Then, at time T03-T04, the potential of the wiring WL [2] becomes the high level, the potential of the wiring WD [1] becomes _V PR _{-V W [2,1]} greater potential than the ground potential, of the wiring WDref potential becomes the V _PR greater potential than the ground potential. Note that the potential _{VW [2,1]} is a potential corresponding to the first data stored in the memory cell MC [2,1]. Accordingly, the transistor Tr11 included in the memory cell MC [2,1] and the memory cell MCref [2] is turned on, and the potential of the node NM [2,1] becomes V _PR −V _{W [2,1]} and the node NMref The potential of [2] becomes _VPR .

At this time, the current IMC _{[2,1], 0} flowing from the wiring BL [1] to the transistor Tr12 of the memory cell MC [2,1] can be expressed by the following equation.

The current I _{MCref [2], 0} flowing from the wiring BLref to the transistor Tr12 of the memory cell MCref [2] can be expressed by the following equation.

  Next, at a time T04 to T05, the potential of the wiring WL [2] is at a low level. Accordingly, the transistor Tr11 included in the memory cell MC [2,1] and the memory cell MCref [2] is turned off, and the potentials of the nodes NM [2,1] and NMref [2] are held.

  By the above operation, the first data is stored in the memory cells MC [1,1] and [2,1], and the reference data is stored in the memory cells MCref [1] and [2].

Here, currents flowing through the wiring BL [1] and the wiring BLref from time T04 to time T05 are considered. A current is supplied from the current source circuit CS to the wiring BLref. The current flowing through the wiring BLref is discharged to the current mirror circuit CM and the memory cells MCref [1] and [2]. If the current supplied from the current source circuit CS to the wiring BLref is I _Cref , and the current discharged from the wiring BLref to the current mirror circuit CM is I _{CM, 0} , the following equation is established.
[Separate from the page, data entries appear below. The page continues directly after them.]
(* Fix $q\in[0,1)$. For $n\in\mathbb{N}$ let $\Pi_n$ be $\pi_{n,q}$-distributed and let $\Pi_\infty$ be a Mallows permutation on $\mathbb{N}$ with parameter $q$. Then $\mathrm{BST}(\Pi_n)$ converges to $\mathrm{BST}(\Pi_\infty)$ in the rooted topology: for every $r\ge1$ and every finite rooted tree $t$, $$\mathbb{P}\big(B_r(\varnothing,\mathrm{BST}(\Pi_n))\equiv t\big)\longrightarrow\mathbb{P}\big(B_r(\varnothing,\mathrm{BST}(\Pi_\infty))\equiv t\big)\quad(n\to\infty).$$
   Context: $\pi_{n,q}(\sigma)=q^{\mathrm{Inv}(\sigma)}/Z_{n,q}$ on $S_n$, $\mathrm{Inv}(\sigma)=|\{i<j:\sigma(i)>\sigma(j)\}|$, $0^0=1$. A Mallows permutation on $\mathbb{N}$ with parameter $q$ is the permutation $(I_1,I_2,\dots)$ of $\mathbb{N}$ where, for independent Bernoulli$(1-q)$ variables $(B_{i,j})_{i,j\ge1}$, $I_i=\min\{j\notin\{I_1,\dots,I_{i-1}\}:B_{i,j}=1\}$. $\mathbb{T}$ is the set of finite words over $\{0,1\}$ with empty word $\varnothing$ (the root), viewed as a graph with edges $\{w,w0\},\{w,w1\}$; $aS=\{aw:w\in S\}$. For a finite sequence $x=(x_1,\dots,x_n)$ of distinct numbers, $\mathrm{BST}(x)=\emptyset$ if $n=0$, else $\{\varnothing\}\cup0\,\mathrm{BST}(x_-)\cup1\,\mathrm{BST}(x_+)$ with $x_-$ (resp. $x_+$) the subsequence of entries smaller (resp. larger) than $x_1$ in original order; for infinite $x$, $\mathrm{BST}(x)=\bigcup_n\mathrm{BST}(x_1,\dots,x_n)$; $\mathrm{BST}(\sigma)=\mathrm{BST}(\sigma(1),\sigma(2),\dots)$, seen as an induced subgraph of $\mathbb{T}$. $B_r(v,G)$ is the subgraph of $G$ induced by vertices within graph distance $r$ of $v$, rooted at $v$; $\equiv$ is rooted-graph isomorphism. *)

theory Defs
  imports "HOL-Probability.Probability" "HOL-Combinatorics.Permutations"
begin

definition inv_count :: "nat \<Rightarrow> (nat \<Rightarrow> nat) \<Rightarrow> nat" where
  "inv_count n \<sigma> = card {(i, j). 1 \<le> i \<and> i < j \<and> j \<le> n \<and> \<sigma> j < \<sigma> i}"

definition mallows_Z :: "real \<Rightarrow> nat \<Rightarrow> real" where
  "mallows_Z q n = (\<Sum>\<sigma> | \<sigma> permutes {1..n}. q ^ inv_count n \<sigma>)"

definition mallows_prob :: "real \<Rightarrow> nat \<Rightarrow> ((nat \<Rightarrow> nat) \<Rightarrow> bool) \<Rightarrow> real" where
  "mallows_prob q n P =
     (\<Sum>\<sigma> | \<sigma> permutes {1..n} \<and> P \<sigma>. q ^ inv_count n \<sigma>) / mallows_Z q n"

section \<open>Binary search trees as sets of words over {0,1} (False = 0, True = 1)\<close>

function bst :: "nat list \<Rightarrow> bool list set" where
  "bst [] = {}"
| "bst (x # xs) = {[]} \<union> Cons False ` bst (filter (\<lambda>y. y < x) xs)
                       \<union> Cons True ` bst (filter (\<lambda>y. x < y) xs)"
  by pat_completeness auto
termination
  by (relation "Wellfounded.measure length") (auto simp: le_imp_less_Suc)

definition bst_perm :: "nat \<Rightarrow> (nat \<Rightarrow> nat) \<Rightarrow> bool list set" where
  "bst_perm n \<sigma> = bst (map \<sigma> [1..<Suc n])"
The current from the current source circuit CS is supplied to the wiring BL [1]. The current flowing through the wiring BL [1] is discharged to the current mirror circuit CM and the memory cells MC [1,1], [2,1]. Further, current flows from the wiring BL [1] to the offset circuit OFST. If the current supplied from the current source circuit CS to the wiring BL [1] is I _{C, 0} , and the current flowing from the wiring BL [1] to the offset circuit OFST is Iα _{, 0} , the following equation is established.

[Multiply-sum operation of first data and second data]
Next, at a time T05 to T06, the potential of the wiring RW [1] becomes V _{X [1]} higher than the reference potential. At this time, the potential VX _[1] is supplied to the capacitor C11 of each of the memory cell MC [1,1] and the memory cell MCref [1], and the potential of the gate of the transistor Tr12 increases due to capacitive coupling. Note that the potential Vx _[1] is a potential corresponding to the second data supplied to the memory cell MC [1,1] and the memory cell MCref [1].
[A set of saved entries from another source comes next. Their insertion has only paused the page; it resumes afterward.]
lemma sbm_W_tail_le_K_t_sum:
  assumes e: "\<And>i. i < n \<Longrightarrow> e i < k" and z: "\<And>i. i < n \<Longrightarrow> z i < k"
    and S: "\<forall>a<k. \<forall>b<k. S a b > 0" and S_sym: "\<forall>a<k. \<forall>b<k. S a b = S b a"
    and \<rho>: "\<rho> > 0" "\<forall>a<k. \<forall>b<k. \<rho> * S a b \<le> 1"
    and t: "t \<ge> 0"
  shows "measure_pmf.prob (sbm_cond n \<rho> S z) {A. sbm_W n k \<rho> S z e A > x}
    \<le> exp (- t * (real n)^2 * x + \<rho> * (\<Sum>(i, j)\<in>sbm_edges n. K_t t (S (z i) (z j)) (S (e i) (e j))))"
proof -
  define M where "M = sbm_edge_pmf n \<rho> S z"
  define p where "p = (\<lambda>(i, j). \<rho> * S (z i) (z j))"
  define L where "L = (\<lambda>(i, j). ln (S (e i) (e j)) - ln (S (z i) (z j)))"
  have p_prob: "0 \<le> p ij" "p ij \<le> 1" if "ij \<in> sbm_edges n" for ij
    using that z S \<rho> by (auto simp: p_def sbm_edges_def intro: less_imp_le)
  have W_adj: "t * (real n)^2 * sbm_W n k \<rho> S z e (sbm_adj Y)
      = (\<Sum>ij\<in>sbm_edges n. t * L ij * (of_bool (Y ij) - p ij))" for Y
  proof -
    have "(real n)^2 * sbm_W n k \<rho> S z e (sbm_adj Y)
        = (\<Sum>ij\<in>sbm_edges n. (of_bool (Y ij) - p ij) * L ij)"
      using e z S S_sym \<rho> by (subst sbm_W_eq_sum_sbm_edges)
        (auto simp: sbm_adj_def sbm_edges_def p_def L_def intro!: sum.cong)
    then show ?thesis
      by (simp add: sum_distrib_left ac_simps)
  qed
  have "measure_pmf.prob (sbm_cond n \<rho> S z) {A. sbm_W n k \<rho> S z e A > x}
      = measure_pmf.prob M {Y. sbm_W n k \<rho> S z e (sbm_adj Y) > x}"
    by (simp add: sbm_cond_eq_map_sbm_edge_pmf M_def vimage_def)
  also have "\<dots> \<le> exp (- (t * (real n)^2) * x)
      * measure_pmf.expectation M (\<lambda>Y. exp (t * (real n)^2 * sbm_W n k \<rho> S z e (sbm_adj Y)))"
    using t by (intro prob_greater_le_exp_moment integrable_measure_pmf_finite)
      (auto simp: M_def finite_set_pmf_sbm_edge_pmf)
  also have "measure_pmf.expectation M (\<lambda>Y. exp (t * (real n)^2 * sbm_W n k \<rho> S z e (sbm_adj Y)))
      = (\<Prod>ij\<in>sbm_edges n.
           measure_pmf.expectation (bernoulli_pmf (p ij)) (\<lambda>v. exp (t * L ij * (of_bool v - p ij))))"
    unfolding W_adj exp_sum[OF finite_sbm_edges] M_def sbm_edge_pmf_def
    by (subst expectation_prod_Pi_pmf)
      (auto simp: finite_sbm_edges p_def case_prod_beta intro: integrable_measure_pmf_finite)
  also have "\<dots> \<le> (\<Prod>ij\<in>sbm_edges n. exp (p ij * (exp (t * L ij) - 1 - t * L ij)))"
    using p_prob by (intro prod_mono conjI integral_nonneg bernoulli_centered_mgf_le) auto
  also have "\<dots> = exp (\<rho> * (\<Sum>(i, j)\<in>sbm_edges n. K_t t (S (z i) (z j)) (S (e i) (e j))))"
  proof -
    have edge: "p (i, j) * (exp (t * L (i, j)) - 1 - t * L (i, j))
        = \<rho> * K_t t (S (z i) (z j)) (S (e i) (e j))"
      if "(i, j) \<in> sbm_edges n" for i j
    proof -
      have "S (z i) (z j) > 0" "S (e i) (e j) > 0"
        using that e z S by (auto simp: sbm_edges_def)
      then show ?thesis
        by (simp add: p_def L_def K_t_eq_exp ln_div)
    qed
    have "(\<Prod>ij\<in>sbm_edges n. exp (p ij * (exp (t * L ij) - 1 - t * L ij)))
        = (\<Prod>(i, j)\<in>sbm_edges n. exp (\<rho> * K_t t (S (z i) (z j)) (S (e i) (e j))))"
      using edge by (intro prod.cong) auto
    then show ?thesis
      by (simp add: exp_sum[OF finite_sbm_edges, symmetric] sum_distrib_left case_prod_beta)
  qed
  finally show ?thesis
    by (simp add: exp_add[symmetric] mult_left_mono)
qed

lemma sbm_W_tail_le:
  assumes e: "\<And>i. i < n \<Longrightarrow> e i < k" and z: "\<And>i. i < n \<Longrightarrow> z i < k"
    and S: "\<forall>a<k. \<forall>b<k. S a b > 0" and S_sym: "\<forall>a<k. \<forall>b<k. S a b = S b a"
    and \<rho>: "\<rho> > 0" "\<forall>a<k. \<forall>b<k. \<rho> * S a b \<le> 1"
    and t: "0 \<le> t" "t \<le> 1"
  shows "measure_pmf.prob (sbm_cond n \<rho> S z) {A. sbm_W n k \<rho> S z e A > x}
    \<le> exp (- ((real n)^2 * (x * t - \<rho> * C_t k t (confusion n e z) S))
            + K_t_bound k S * \<rho> * (real (hamming n e z))^2)"
proof -
  have "measure_pmf.prob (sbm_cond n \<rho> S z) {A. sbm_W n k \<rho> S z e A > x}
      \<le> exp (- t * (real n)^2 * x + \<rho> * (\<Sum>(i, j)\<in>sbm_edges n. K_t t (S (z i) (z j)) (S (e i) (e j))))"
    using assms by (intro sbm_W_tail_le_K_t_sum) auto
  also have "\<dots> \<le> exp (- t * (real n)^2 * x
      + \<rho> * ((real n)^2 * C_t k t (confusion n e z) S + K_t_bound k S * (real (hamming n e z))^2))"
  proof -
    have "(\<Sum>(i, j)\<in>sbm_edges n. K_t t (S (z i) (z j)) (S (e i) (e j)))
        \<le> (real n)^2 * C_t k t (confusion n e z) S + K_t_bound k S * (real (hamming n e z))^2"
      using assms by (intro sum_sbm_edges_K_t_le) auto
    then show ?thesis
      using \<rho> by (intro exp_mono add_left_mono mult_left_mono) auto
  qed
  also have "\<dots> = exp (- ((real n)^2 * (x * t - \<rho> * C_t k t (confusion n e z) S))
      + K_t_bound k S * \<rho> * (real (hamming n e z))^2)"
    by (simp add: algebra_simps)
  finally show ?thesis .
qed

theorem proposition2:
  fixes k :: nat and S :: "nat \<Rightarrow> nat \<Rightarrow> real"
  assumes "k \<ge> 2"
    and "\<forall>a<k. \<forall>b<k. S a b > 0"
    and "\<forall>a<k. \<forall>b<k. S a b = S b a"
  shows "\<exists>D::real. \<forall>\<rho>::nat \<Rightarrow> real.
    (\<forall>n. \<rho> n > 0) \<longrightarrow> \<rho> \<longlonglongrightarrow> 0 \<longrightarrow> (\<forall>n. \<forall>a<k. \<forall>b<k. \<rho> n * S a b \<le> 1) \<longrightarrow>
    (\<forall>n z e x. z \<in> {..<n} \<rightarrow>\<^sub>E {..<k} \<longrightarrow> e \<in> {..<n} \<rightarrow>\<^sub>E {..<k} \<longrightarrow>
       measure_pmf.prob (sbm_cond n (\<rho> n) S z) {A. sbm_W n k (\<rho> n) S z e A > x}
       \<le> exp (- (SUP t\<in>{0<..1}. (real n)^2 * (x * t - \<rho> n * C_t k t (confusion n e z) S))
               + D * \<rho> n * (real (hamming n e z))^2))"
proof (intro exI[of _ "K_t_bound k S"] allI impI)
  fix \<rho> :: "nat \<Rightarrow> real" and n :: nat and z e :: "nat \<Rightarrow> nat" and x :: real
  assume "\<forall>n. \<rho> n > 0" "\<forall>n. \<forall>a<k. \<forall>b<k. \<rho> n * S a b \<le> 1"
    and "z \<in> {..<n} \<rightarrow>\<^sub>E {..<k}" "e \<in> {..<n} \<rightarrow>\<^sub>E {..<k}"
  then show "measure_pmf.prob (sbm_cond n (\<rho> n) S z) {A. sbm_W n k (\<rho> n) S z e A > x}
    \<le> exp (- (SUP t\<in>{0<..1}. (real n)^2 * (x * t - \<rho> n * C_t k t (confusion n e z) S))
            + K_t_bound k S * \<rho> n * (real (hamming n e z))^2)"
    using assms(2,3) by (intro le_exp_SUP_bound sbm_W_tail_le) auto
qed

end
The amount of change in the potential of the gate of the transistor Tr12 is a value obtained by multiplying the amount of change in the potential of the wiring RW by a capacitance coupling coefficient determined by the configuration of the memory cell. The capacitance coupling coefficient is calculated based on the capacitance of the capacitor C11, the gate capacitance of the transistor Tr12, the parasitic capacitance, and the like. Hereinafter, for the sake of convenience, the description will be given on the assumption that the amount of change in the potential of the wiring RW and the amount of change in the potential of the gate of the transistor Tr12 are the same, that is, the capacitance coupling coefficient is 1. In fact, it may be determined potential V _x in consideration of the capacitive coupling coefficients.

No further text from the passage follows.